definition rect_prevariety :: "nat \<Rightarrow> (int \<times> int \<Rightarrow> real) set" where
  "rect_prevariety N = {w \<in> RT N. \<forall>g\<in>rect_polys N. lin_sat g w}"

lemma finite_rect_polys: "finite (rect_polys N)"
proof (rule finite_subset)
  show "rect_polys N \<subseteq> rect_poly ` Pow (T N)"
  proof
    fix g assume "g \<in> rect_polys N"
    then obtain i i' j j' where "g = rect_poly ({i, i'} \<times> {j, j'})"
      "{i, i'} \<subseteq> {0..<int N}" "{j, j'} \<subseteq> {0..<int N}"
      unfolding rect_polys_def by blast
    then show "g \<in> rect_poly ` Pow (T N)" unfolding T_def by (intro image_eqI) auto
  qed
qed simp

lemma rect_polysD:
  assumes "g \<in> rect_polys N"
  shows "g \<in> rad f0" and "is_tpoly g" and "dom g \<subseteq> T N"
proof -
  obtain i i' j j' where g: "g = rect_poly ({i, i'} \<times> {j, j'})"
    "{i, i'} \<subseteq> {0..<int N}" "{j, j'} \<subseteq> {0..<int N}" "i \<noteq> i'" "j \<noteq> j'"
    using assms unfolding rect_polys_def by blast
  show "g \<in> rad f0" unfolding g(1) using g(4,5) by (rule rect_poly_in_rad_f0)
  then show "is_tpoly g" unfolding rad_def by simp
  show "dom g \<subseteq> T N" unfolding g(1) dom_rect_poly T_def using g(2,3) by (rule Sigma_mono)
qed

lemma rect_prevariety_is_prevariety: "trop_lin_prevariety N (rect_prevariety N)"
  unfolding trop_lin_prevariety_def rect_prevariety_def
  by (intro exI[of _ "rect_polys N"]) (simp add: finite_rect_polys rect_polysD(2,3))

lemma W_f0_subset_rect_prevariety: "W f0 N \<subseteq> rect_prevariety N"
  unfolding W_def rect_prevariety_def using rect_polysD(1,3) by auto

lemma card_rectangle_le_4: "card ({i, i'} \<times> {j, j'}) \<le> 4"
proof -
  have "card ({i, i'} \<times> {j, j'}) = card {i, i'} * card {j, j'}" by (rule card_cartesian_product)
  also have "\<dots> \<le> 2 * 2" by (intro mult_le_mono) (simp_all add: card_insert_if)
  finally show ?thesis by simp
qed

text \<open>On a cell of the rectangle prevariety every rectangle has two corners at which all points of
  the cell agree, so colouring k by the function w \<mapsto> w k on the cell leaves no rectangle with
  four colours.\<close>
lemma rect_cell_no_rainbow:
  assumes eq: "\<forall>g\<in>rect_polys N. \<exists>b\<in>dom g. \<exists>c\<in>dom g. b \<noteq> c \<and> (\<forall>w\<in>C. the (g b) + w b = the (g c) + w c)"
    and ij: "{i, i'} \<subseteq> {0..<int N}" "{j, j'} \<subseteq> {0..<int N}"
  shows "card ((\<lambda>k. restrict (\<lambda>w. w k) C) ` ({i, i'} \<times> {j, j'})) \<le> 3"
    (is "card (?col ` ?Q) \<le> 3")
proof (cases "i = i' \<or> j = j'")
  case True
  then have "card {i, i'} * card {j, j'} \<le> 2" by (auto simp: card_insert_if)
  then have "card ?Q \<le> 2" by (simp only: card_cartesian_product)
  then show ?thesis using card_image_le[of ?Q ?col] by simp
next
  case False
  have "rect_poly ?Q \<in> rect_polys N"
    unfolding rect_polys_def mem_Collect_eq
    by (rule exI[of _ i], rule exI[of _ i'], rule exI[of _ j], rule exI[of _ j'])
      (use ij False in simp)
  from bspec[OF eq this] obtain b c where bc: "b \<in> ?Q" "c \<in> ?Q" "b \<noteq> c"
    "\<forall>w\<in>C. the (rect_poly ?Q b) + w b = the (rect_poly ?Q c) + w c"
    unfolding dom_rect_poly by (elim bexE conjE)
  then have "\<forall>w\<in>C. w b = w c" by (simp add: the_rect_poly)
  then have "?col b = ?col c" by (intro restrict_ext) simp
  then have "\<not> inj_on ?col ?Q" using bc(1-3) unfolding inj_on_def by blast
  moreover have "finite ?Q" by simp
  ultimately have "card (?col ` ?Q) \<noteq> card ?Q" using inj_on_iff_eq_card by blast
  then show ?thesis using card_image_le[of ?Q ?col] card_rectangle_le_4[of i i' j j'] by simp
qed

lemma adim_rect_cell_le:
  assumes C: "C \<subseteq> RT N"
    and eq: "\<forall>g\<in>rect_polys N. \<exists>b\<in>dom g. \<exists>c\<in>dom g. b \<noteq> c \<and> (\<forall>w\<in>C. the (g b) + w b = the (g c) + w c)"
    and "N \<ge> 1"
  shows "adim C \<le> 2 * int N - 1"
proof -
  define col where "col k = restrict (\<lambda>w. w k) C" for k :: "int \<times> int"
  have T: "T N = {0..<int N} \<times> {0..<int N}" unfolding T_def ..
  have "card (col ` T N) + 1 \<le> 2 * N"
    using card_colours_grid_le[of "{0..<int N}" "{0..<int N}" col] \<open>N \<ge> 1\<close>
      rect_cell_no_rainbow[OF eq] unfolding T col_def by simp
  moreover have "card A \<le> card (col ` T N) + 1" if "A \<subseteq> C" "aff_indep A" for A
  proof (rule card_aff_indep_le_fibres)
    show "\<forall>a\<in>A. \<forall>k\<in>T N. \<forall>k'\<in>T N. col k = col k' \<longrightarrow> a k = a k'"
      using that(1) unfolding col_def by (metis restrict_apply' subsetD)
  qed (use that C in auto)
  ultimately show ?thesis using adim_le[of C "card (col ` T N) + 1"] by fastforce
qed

### WHAT IS BEING ASKED
Lines holding "auto" in the data above: copy each of them.

### ANSWER BELOW
    then show "g \<in> rect_poly ` Pow (T N)" unfolding T_def by (intro image_eqI) auto
  unfolding W_def rect_prevariety_def using rect_polysD(1,3) by auto
  then have "card {i, i'} * card {j, j'} \<le> 2" by (auto simp: card_insert_if)
  qed (use that C in auto)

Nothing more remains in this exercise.